Голос раздался внезапно с одного конца группы терранов. Все обернулись, удивленные, и обнаружили, что Данчеккер бросает вызывающий взгляд с одной части стола на другую, словно приглашая их сделать какой-то очевидный вывод. Два десятка лиц терранов и ганимцев тупо уставились на него.
Данчеккер снял очки, протер их платком, а затем вернул их на нос, словно профессор, дающий классу отстающих студентов время поразмыслить над каким-то предложением, которое он им сделал. Не было никаких причин, по которым VISAR мог бы заставить линзы, существующие только в чьей-то голове, помутнеть, подумал Хант; ритуал был просто бессознательной манерой поведения.
Наконец Данчеккер поднял глаза. «Кажется очевидным, что эта, э-э, «организация», ответственная за деятельность по наблюдению, какова бы ни была ее природа, не будет считать, что ее интересы будут соблюдены, если Шапьерон достигнет Туриена». Он сделал паузу, чтобы дать донести до человека весь смысл.
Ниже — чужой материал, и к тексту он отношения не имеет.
text \<open>Differentiation under the integral sign needs \<open>Jf > 0\<close> on a whole strip
  \<open>{-\<delta>..\<delta>} \<times> Q\<close> of perturbations, where the square root is smooth.\<close>

lemma has_real_derivative_integral_lag_density:
  fixes S S' a a' b b' Ss Ss' St St' Ps Ps' Pt Pt' :: "real \<times> real \<Rightarrow> 'n::finite rmat"
  assumes cont: "continuous_on Q S" "continuous_on Q S'" "continuous_on Q a" "continuous_on Q a'"
      "continuous_on Q b" "continuous_on Q b'" "continuous_on Q Ss" "continuous_on Q Ss'"
      "continuous_on Q St" "continuous_on Q St'" "continuous_on Q Ps" "continuous_on Q Ps'"
      "continuous_on Q Pt" "continuous_on Q Pt'"
    and pos: "\<And>p. p \<in> Q \<Longrightarrow> Jf (S p) (a p) (b p) > 0"
  shows "((\<lambda>e. integral Q (\<lambda>p. lag_density (S p + e *\<^sub>R S' p) (a p + e *\<^sub>R a' p) (b p + e *\<^sub>R b' p)
      (Ss p + e *\<^sub>R Ss' p) (St p + e *\<^sub>R St' p) (Ps p + e *\<^sub>R Ps' p) (Pt p + e *\<^sub>R Pt' p)))
    has_real_derivative integral Q (\<lambda>p. lag_density_deriv (S p) (a p) (b p) (Ss p) (St p) (Ps p) (Pt p)
      (S' p) (a' p) (b' p) (Ss' p) (St' p) (Ps' p) (Pt' p))) (at 0)"
proof -
  define F where "F = (\<lambda>e p. lag_density (S p + e *\<^sub>R S' p) (a p + e *\<^sub>R a' p) (b p + e *\<^sub>R b' p)
      (Ss p + e *\<^sub>R Ss' p) (St p + e *\<^sub>R St' p) (Ps p + e *\<^sub>R Ps' p) (Pt p + e *\<^sub>R Pt' p))"
  define F' where "F' = (\<lambda>e p. lag_density_deriv (S p + e *\<^sub>R S' p) (a p + e *\<^sub>R a' p) (b p + e *\<^sub>R b' p)
      (Ss p + e *\<^sub>R Ss' p) (St p + e *\<^sub>R St' p) (Ps p + e *\<^sub>R Ps' p) (Pt p + e *\<^sub>R Pt' p)
      (S' p) (a' p) (b' p) (Ss' p) (St' p) (Ps' p) (Pt' p))"
  define J where "J = (\<lambda>z. Jf (S (snd z) + fst z *\<^sub>R S' (snd z)) (a (snd z) + fst z *\<^sub>R a' (snd z))
      (b (snd z) + fst z *\<^sub>R b' (snd z)))"
  note cont_snd = cont[THEN continuous_on_compose_snd]
  have cont_J: "continuous_on (U \<times> Q) J" for U
    unfolding J_def Jf_def by (intro continuous_intros cont_snd)
  obtain \<delta> where "\<delta> > 0" and J_pos: "\<And>e p. e \<in> {-\<delta>..\<delta>} \<Longrightarrow> p \<in> Q \<Longrightarrow> J (e, p) > 0"
    using uniformly_positive_near_0[OF compact_Q cont_J] pos by (auto simp: J_def)
  then have J_ne_0: "\<forall>z\<in>{-\<delta>..\<delta>} \<times> Q. J z \<noteq> 0"
    by force
  have "((\<lambda>e. integral (cbox (0, 0) (1, 1)) (F e)) has_field_derivative integral (cbox (0, 0) (1, 1)) (F' 0))
      (at 0 within {-\<delta>..\<delta>})"
  proof (rule leibniz_rule_field_derivative)
    fix e p assume "e \<in> {-\<delta>..\<delta>}" and "p \<in> cbox (0::real, 0::real) (1, 1)"
    then have "J (e, p) > 0" using J_pos by (simp add: Q_eq_cbox)
    then show "((\<lambda>e. F e p) has_field_derivative F' e p) (at e within {-\<delta>..\<delta>})"
      unfolding F_def F'_def J_def by (simp add: has_real_derivative_lag_density)
  next
    show "F e integrable_on cbox (0, 0) (1, 1)" for e
      unfolding F_def lag_density_def Jf_def constraint_residual_def Q_eq_cbox[symmetric]
      by (intro integrable_on_Q continuous_intros cont)
  next
    have "continuous_on ({-\<delta>..\<delta>} \<times> Q) (\<lambda>z. F' (fst z) (snd z))"
      unfolding F'_def lag_density_deriv_def Jf_radicand_deriv_def constraint_residual_def
      using J_ne_0[unfolded J_def]
      by (intro continuous_intros cont_snd cont_J[unfolded J_def]) auto
    then show "continuous_on ({-\<delta>..\<delta>} \<times> cbox (0, 0) (1, 1)) (\<lambda>(e, p). F' e p)"
      by (simp add: case_prod_beta' Q_eq_cbox)
  qed (use \<open>\<delta> > 0\<close> in auto)
  moreover have "at (0::real) within {-\<delta>..\<delta>} = at 0"
    by (rule at_within_interior) (use \<open>\<delta> > 0\<close> in auto)
  ultimately show ?thesis by (simp add: F_def F'_def Q_eq_cbox)
qed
"А теперь позвольте мне предположить, каково было бы мое нынешнее расположение духа, будь я на месте лидеров этой организации", - продолжил он. "Я предполагаю, что ничего не знаю об этой встрече или о том, что вообще происходит какой-либо диалог между Туриеном и Землей, поскольку источником моей информации была бы земная коммуникационная сеть, а все ссылки на такие факты были исключены из этой системы. Поэтому у меня нет оснований полагать, что мои фальсифицированные отчеты о Земле были подвергнуты сомнению. Теперь, если это так, если бы Шапьерон столкнулся с неудачным, скажем так, несчастным случаем где-то в пустоте между звездами, у меня были бы все основания быть уверенным, что, если бы Туриены случайно заподозрили нечестную игру, Земля возглавила бы их список как наиболее вероятный виновник". Он кивнул и на мгновение оскалил зубы, когда потрясенные выражения лиц за столом отметили воздействие того, к чему он клонил.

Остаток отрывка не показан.